Department of Women's and Children's Health, Karolinska Institutet, Stockholm, Sweden.
Sachs' Children and Youth Hospital, Stockholm South General Hospital, Stockholm, Sweden.
Dev Med Child Neurol. 2018 Dec;60(12):1251-1255. doi: 10.1111/dmcn.13939. Epub 2018 Jun 28.
To elucidate the natural course of benign paroxysmal torticollis, the relationship of this disorder to migraine and other paroxysmal diseases, and to analyse candidate genes.
This was a case series of children with benign paroxysmal torticollis of infancy (BPTI) diagnosed from 1998 to 2005, at Astrid Lindgren Children's Hospital, Stockholm, Sweden. A neurological examination and a formalized motor assessment were performed from 2005 to 2007. At a second follow-up, in 2014 to 2015, the children and their parents were interviewed and candidate genes analysed.

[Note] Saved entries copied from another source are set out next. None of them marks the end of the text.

lemma neg_coeff_decreasing:
  assumes k: "int N + 3 \<le> 2 * k" "k \<le> int N + 1"
  shows "neg_coeff N (k + 1) < neg_coeff N k"
proof -
  let ?c = "zchoose N"
  have anti: "?c (k - 1) \<le> ?c (k - 2)" "?c (k + 1) \<le> ?c k"
    using zchoose_antimono[of N "k - 1"] zchoose_antimono[of N "k + 1"] k by simp_all
  have "?c k < ?c (k - 1)"
  proof (cases "k \<le> int N")
    case True
    have "(int N - k + 1) * (?c k - ?c (k - 1)) = (int N - 2 * k + 1) * ?c k"
      by (rule zchoose_increment)
    also have "\<dots> < 0"
      using k True zchoose_pos[of k N] by (intro mult_neg_pos) auto
    finally show ?thesis
      using True by (simp add: mult_less_0_iff)
  next
    case False
    then have "k = int N + 1" using k by simp
    then show ?thesis by (simp add: zchoose_def)
  qed
  then have middle: "(int N + 1) * (?c k - ?c (k - 1)) < 0"
    by (simp add: mult_pos_neg)
  have outer: "(2 * int N + 4) * (?c (k - 1) - ?c (k - 2)) \<le> ?c (k - 2) - ?c (k - 3)"
  proof (cases "2 * (k - 2) \<le> int N + 1")
    case True
    then have "?c (k - 3) \<le> ?c (k - 2)"
      using zchoose_mono[of "k - 2" N] by simp
    moreover have "(2 * int N + 4) * (?c (k - 1) - ?c (k - 2)) \<le> 0"
      using anti by (simp add: mult_nonneg_nonpos)
    ultimately show ?thesis by linarith
  next
    case False
    then have "?c (k - 3) \<le> (2 * int N + 4) * (?c (k - 2) - ?c (k - 1))"
      using zchoose_le_scaled_decrement[of N "k - 2"] k by simp
    then show ?thesis
      using zchoose_nonneg[of N "k - 2"] by (simp add: algebra_simps)
  qed
  have "(int N + 2) * (?c (k + 1) - ?c k) \<le> 0"
    using anti by (simp add: mult_nonneg_nonpos)
  then show ?thesis
    using neg_coeff_step[of N k] middle outer by linarith
qed

lemma neg_coeff_nonneg:
  assumes "k \<le> int N + 2"
  shows "0 \<le> neg_coeff N k"
proof -
  let ?c = "zchoose N"
  have "?c (k - 3) \<le> (2 * int N + 4) * ?c (k - 2)"
  proof (cases "k < 3")
    case True
    then show ?thesis by (simp add: zchoose_def zchoose_nonneg)
  next
    case False
    have "?c (k - 3) \<le> (int N - k + 3) * ?c (k - 3)"
      using assms zchoose_nonneg[of N "k - 3"] by (simp add: mult_le_cancel_right1)
    also have "\<dots> = (k - 2) * ?c (k - 2)"
      using zchoose_absorption[of "k - 2" N] by (simp add: algebra_simps)
    also have "\<dots> \<le> (2 * int N + 4) * ?c (k - 2)"
      using assms zchoose_nonneg[of N "k - 2"] by (intro mult_right_mono) auto
    finally show ?thesis .
  qed
  moreover have "0 \<le> 7 * (int N + 1) * ?c (k - 1)" "0 \<le> (int N + 2) * ?c k"
    by (auto simp: zchoose_nonneg)
  ultimately show ?thesis
    unfolding neg_coeff_def by linarith
qed

lemma neg_coeff_top: "neg_coeff N (int N + 3) = - 1" "neg_coeff N (int N + 2) = int N + 4"
proof -
  have "int N * zchoose N (int N) = 1 * zchoose N (int N - 1)"
    using zchoose_absorption[of "int N" N] by simp
  then have "zchoose N (int N - 1) = int N"
    by (simp add: zchoose_def)
  then show "neg_coeff N (int N + 3) = - 1" "neg_coeff N (int N + 2) = int N + 4"
    unfolding neg_coeff_def by (simp_all add: zchoose_eq_0) (simp_all add: zchoose_def)
qed

lemma argmax_abs_neg_coeff:
  assumes t: "t \<le> N + 3"
    and max: "\<bar>neg_coeff N (int t)\<bar> = Max {\<bar>neg_coeff N (int k)\<bar> | k. k \<le> N + 3}"
  shows "(N + 1) div 2 \<le> t \<and> t \<le> (N + 4) div 2"
proof -
  have le_max: "\<bar>neg_coeff N (int k)\<bar> \<le> \<bar>neg_coeff N (int t)\<bar>" if "k \<le> N + 3" for k
    unfolding max using that by (intro Max_ge) auto
  have abs_eq: "\<bar>neg_coeff N (int k)\<bar> = neg_coeff N (int k)" if "k \<le> N + 2" for k
    using neg_coeff_nonneg[of "int k" N] that by simp
  have "\<not> t < (N + 1) div 2"
  proof
    assume "t < (N + 1) div 2"
    then have "2 * t + 1 \<le> N" by presburger
    then have "neg_coeff N (int t) < neg_coeff N (int (t + 1))"
      using neg_coeff_increasing[of "int t" N] by (simp add: add.commute)
    moreover have "\<bar>neg_coeff N (int (t + 1))\<bar> \<le> \<bar>neg_coeff N (int t)\<bar>"
      using \<open>t < (N + 1) div 2\<close> by (intro le_max) auto
    ultimately show False
      using \<open>t < (N + 1) div 2\<close> abs_eq[of t] abs_eq[of "t + 1"] by simp
  qed
  moreover have "\<not> (N + 4) div 2 < t"
  proof
    assume "(N + 4) div 2 < t"
    show False
    proof (cases "t = N + 3")
      case True
      have "\<bar>neg_coeff N (int (N + 2))\<bar> \<le> \<bar>neg_coeff N (int t)\<bar>"
        by (intro le_max) auto
      then show False
        using True neg_coeff_top[of N] by (simp add: add.commute)
    next
      case False
      then obtain k where k: "t = k + 1"
        using \<open>(N + 4) div 2 < t\<close> by (cases t) auto
      have "neg_coeff N (int k + 1) < neg_coeff N (int k)"
        using \<open>(N + 4) div 2 < t\<close> k False t by (intro neg_coeff_decreasing) auto
      moreover have "\<bar>neg_coeff N (int k)\<bar> \<le> \<bar>neg_coeff N (int t)\<bar>"
        using t k by (intro le_max) auto
      ultimately show False
        using t False k abs_eq[of k] abs_eq[of t] by (simp add: add.commute)
    qed
  qed
  ultimately show ?thesis by simp
qed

The mean age of the eight females and three males included in the second follow-up was 13 years 9 months (SD 2y 2mo). All motor assessments were normal. Five had developed migraine, abdominal migraine, and/or cyclic vomiting. Prophylactic treatment or migraine-specific medication during attacks were not needed. No paroxysmal tonic upgaze, benign paroxysmal vertigo, epilepsy, episodic ataxia, or paroxysmal dyskinesia was reported. Rare genetic variants in CACNA1A and ATP1A2 were found in two children. Five had a family history of migraine.
BPTI is transient and does not lead to neurological sequelae. Most children afflicted experience either a mild migraine or no paroxysmal disorder at all in their adolescence. Genetic variants in candidate genes were few, indicating potential genetic heterogeneity.
After resolution of their benign paroxysmal torticollis of infancy (BPTI), children display no gross motor delay. Most adolescents who previously had BPTI have not developed migraine. No mutations in candidate genes, known to cause hemiplegic migraine, were found. Associated symptoms are often lacking during episodes of torticollis.
阐明良性阵发性斜颈的自然病程、该疾病与偏头痛和其他阵发性疾病的关系,并分析候选基因。
这是一项在瑞典斯德哥尔摩 Astrid Lindgren 儿童医院对 1998 年至 2005 年期间诊断为婴儿良性阵发性斜颈(BPTI)的儿童进行的病例系列研究。2005 年至 2007 年进行了神经学检查和规范化运动评估。在 2014 年至 2015 年的第二次随访中,对儿童及其父母进行了访谈并分析了候选基因。
在第二次随访中纳入的 8 名女性和 3 名男性的平均年龄为 13 岁 9 个月(标准差 2 岁 2 个月)。所有运动评估均正常。5 名患者出现偏头痛、腹型偏头痛和/或周期性呕吐。发作时无需预防性治疗或偏头痛特异性药物。无阵发性强直上视、良性阵发性眩晕、癫痫、发作性共济失调或阵发性运动障碍。在 2 名儿童中发现 CACNA1A 和 ATP1A2 罕见的遗传变异。5 名儿童有偏头痛家族史。
BPTI 是短暂的,不会导致神经后遗症。大多数受影响的儿童在青少年时期会经历轻度偏头痛或根本没有阵发性疾病。候选基因中的遗传变异很少,表明潜在的遗传异质性。
在婴儿良性阵发性斜颈(BPTI)痊愈后,儿童没有明显的运动迟缓。以前患有 BPTI 的大多数青少年都没有发展为偏头痛。未发现引起偏瘫性偏头痛的候选基因中的突变。斜颈发作期间通常缺乏相关症状。